→ **WORKING DATA**:
....................

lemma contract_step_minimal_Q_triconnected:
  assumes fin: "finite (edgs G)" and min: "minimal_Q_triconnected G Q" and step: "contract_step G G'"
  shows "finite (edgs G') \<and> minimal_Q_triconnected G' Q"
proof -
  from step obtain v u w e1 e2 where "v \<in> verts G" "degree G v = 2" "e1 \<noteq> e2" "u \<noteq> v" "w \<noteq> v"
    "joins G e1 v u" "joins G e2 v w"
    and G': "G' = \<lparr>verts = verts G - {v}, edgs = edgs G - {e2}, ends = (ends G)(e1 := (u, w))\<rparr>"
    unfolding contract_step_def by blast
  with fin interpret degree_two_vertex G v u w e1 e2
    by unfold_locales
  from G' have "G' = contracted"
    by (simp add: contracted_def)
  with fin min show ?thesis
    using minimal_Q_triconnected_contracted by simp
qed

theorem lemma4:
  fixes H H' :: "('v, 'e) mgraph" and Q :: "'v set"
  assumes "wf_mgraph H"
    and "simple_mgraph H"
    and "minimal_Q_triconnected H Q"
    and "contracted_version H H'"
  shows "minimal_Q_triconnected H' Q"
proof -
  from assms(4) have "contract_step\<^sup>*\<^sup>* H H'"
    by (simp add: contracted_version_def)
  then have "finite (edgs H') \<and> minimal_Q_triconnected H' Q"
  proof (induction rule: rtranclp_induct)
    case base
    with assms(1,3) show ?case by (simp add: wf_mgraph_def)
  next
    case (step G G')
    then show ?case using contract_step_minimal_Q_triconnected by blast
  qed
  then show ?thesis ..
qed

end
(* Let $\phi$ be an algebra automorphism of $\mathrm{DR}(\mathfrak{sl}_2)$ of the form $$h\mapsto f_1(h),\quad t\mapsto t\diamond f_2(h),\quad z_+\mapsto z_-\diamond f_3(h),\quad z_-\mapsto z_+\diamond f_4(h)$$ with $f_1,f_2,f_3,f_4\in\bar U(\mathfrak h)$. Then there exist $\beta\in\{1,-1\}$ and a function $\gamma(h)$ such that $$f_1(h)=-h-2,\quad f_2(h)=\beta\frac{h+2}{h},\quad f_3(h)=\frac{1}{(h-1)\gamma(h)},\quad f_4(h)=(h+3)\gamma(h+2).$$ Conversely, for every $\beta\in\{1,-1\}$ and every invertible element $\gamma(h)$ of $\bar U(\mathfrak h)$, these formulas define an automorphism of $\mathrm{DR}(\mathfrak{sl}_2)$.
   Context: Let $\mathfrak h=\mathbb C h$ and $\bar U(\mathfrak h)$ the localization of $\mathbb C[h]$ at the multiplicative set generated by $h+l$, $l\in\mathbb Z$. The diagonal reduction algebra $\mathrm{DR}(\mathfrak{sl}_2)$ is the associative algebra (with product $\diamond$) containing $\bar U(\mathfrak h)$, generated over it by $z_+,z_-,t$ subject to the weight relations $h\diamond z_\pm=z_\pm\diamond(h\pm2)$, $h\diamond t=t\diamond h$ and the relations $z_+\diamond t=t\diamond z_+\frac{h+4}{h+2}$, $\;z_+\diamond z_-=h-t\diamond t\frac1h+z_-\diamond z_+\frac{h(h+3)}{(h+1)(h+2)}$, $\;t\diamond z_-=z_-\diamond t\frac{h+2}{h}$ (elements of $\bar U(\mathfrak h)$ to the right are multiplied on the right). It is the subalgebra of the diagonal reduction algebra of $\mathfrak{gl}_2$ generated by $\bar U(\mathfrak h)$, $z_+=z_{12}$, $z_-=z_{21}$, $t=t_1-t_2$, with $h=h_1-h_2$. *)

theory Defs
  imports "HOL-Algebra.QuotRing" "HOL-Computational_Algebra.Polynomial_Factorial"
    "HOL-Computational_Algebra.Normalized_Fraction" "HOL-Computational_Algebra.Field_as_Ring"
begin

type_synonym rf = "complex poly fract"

....................

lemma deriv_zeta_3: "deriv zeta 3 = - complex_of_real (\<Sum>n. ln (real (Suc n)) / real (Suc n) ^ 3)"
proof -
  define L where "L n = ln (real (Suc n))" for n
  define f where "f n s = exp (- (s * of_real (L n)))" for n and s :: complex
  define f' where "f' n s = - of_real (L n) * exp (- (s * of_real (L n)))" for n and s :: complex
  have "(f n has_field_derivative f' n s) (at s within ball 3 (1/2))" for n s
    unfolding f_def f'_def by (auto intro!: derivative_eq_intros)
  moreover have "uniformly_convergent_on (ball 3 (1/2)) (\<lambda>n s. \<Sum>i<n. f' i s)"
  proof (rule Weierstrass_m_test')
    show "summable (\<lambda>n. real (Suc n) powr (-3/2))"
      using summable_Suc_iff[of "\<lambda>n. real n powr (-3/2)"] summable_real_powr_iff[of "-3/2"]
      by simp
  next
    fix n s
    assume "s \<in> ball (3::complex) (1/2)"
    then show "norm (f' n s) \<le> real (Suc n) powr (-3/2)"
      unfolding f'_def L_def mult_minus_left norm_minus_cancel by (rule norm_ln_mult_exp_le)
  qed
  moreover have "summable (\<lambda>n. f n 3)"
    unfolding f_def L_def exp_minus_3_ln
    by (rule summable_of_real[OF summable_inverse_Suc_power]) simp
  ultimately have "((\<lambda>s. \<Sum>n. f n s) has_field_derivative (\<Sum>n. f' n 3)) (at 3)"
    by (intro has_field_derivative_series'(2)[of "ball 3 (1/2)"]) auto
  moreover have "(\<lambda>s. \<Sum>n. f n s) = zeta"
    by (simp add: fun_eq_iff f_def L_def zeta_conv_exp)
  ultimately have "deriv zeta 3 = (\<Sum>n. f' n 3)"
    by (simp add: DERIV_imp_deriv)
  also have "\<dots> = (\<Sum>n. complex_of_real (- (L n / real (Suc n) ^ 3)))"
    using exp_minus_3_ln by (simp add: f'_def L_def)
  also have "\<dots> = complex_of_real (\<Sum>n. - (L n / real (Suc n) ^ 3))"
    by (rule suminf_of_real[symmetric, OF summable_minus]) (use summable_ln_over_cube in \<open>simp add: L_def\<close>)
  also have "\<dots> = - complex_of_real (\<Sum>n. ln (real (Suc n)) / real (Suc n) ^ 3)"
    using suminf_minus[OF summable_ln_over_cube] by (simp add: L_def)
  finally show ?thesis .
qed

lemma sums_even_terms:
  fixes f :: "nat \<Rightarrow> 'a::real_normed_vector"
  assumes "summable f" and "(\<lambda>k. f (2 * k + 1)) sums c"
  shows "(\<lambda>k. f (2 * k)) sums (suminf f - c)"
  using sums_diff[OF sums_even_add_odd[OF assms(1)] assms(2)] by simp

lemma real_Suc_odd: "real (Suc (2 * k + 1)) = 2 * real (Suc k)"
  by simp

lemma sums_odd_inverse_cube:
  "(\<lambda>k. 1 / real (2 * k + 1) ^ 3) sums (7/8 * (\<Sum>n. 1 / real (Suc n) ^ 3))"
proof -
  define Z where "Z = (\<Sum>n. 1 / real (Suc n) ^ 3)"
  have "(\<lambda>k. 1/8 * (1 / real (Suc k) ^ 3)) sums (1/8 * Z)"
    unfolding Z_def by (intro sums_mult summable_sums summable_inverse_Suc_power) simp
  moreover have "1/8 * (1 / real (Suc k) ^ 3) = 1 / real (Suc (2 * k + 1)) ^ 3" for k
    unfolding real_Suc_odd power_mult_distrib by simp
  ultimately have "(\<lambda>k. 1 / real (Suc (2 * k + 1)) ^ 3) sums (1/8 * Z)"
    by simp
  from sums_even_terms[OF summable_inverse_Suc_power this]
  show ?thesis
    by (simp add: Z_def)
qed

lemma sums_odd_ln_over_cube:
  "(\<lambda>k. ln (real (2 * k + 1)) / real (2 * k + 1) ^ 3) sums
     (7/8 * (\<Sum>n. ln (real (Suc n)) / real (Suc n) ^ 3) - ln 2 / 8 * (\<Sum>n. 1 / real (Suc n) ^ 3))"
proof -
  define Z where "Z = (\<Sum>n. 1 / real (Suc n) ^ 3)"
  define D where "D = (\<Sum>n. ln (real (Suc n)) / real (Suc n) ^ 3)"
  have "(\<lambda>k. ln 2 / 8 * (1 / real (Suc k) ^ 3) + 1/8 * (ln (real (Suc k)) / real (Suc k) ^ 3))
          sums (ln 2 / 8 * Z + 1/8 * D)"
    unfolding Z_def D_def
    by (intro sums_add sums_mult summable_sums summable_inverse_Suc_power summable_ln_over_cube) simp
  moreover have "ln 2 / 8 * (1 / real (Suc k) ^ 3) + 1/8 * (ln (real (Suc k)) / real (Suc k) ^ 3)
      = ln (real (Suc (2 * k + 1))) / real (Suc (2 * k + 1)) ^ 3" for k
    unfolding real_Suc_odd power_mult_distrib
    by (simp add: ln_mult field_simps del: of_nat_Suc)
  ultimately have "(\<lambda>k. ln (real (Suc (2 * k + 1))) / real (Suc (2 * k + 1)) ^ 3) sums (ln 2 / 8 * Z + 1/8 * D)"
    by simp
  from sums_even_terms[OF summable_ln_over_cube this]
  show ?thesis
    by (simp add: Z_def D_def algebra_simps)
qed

....................

→ **HOW TO COMPLETE THIS TASK**:
Wherever the line holding "with fin interpret" falls in the entries above, copy exactly from it through the line holding "by (simp add: contracted_version_def)", inclusive, and add nothing.

→ **SOLUTION TO THIS PROBLEM**:
  with fin interpret degree_two_vertex G v u w e1 e2
    by unfold_locales
  from G' have "G' = contracted"
    by (simp add: contracted_def)
  with fin min show ?thesis
    using minimal_Q_triconnected_contracted by simp
qed

theorem lemma4:
  fixes H H' :: "('v, 'e) mgraph" and Q :: "'v set"
  assumes "wf_mgraph H"
    and "simple_mgraph H"
    and "minimal_Q_triconnected H Q"
    and "contracted_version H H'"
  shows "minimal_Q_triconnected H' Q"
proof -
  from assms(4) have "contract_step\<^sup>*\<^sup>* H H'"
    by (simp add: contracted_version_def)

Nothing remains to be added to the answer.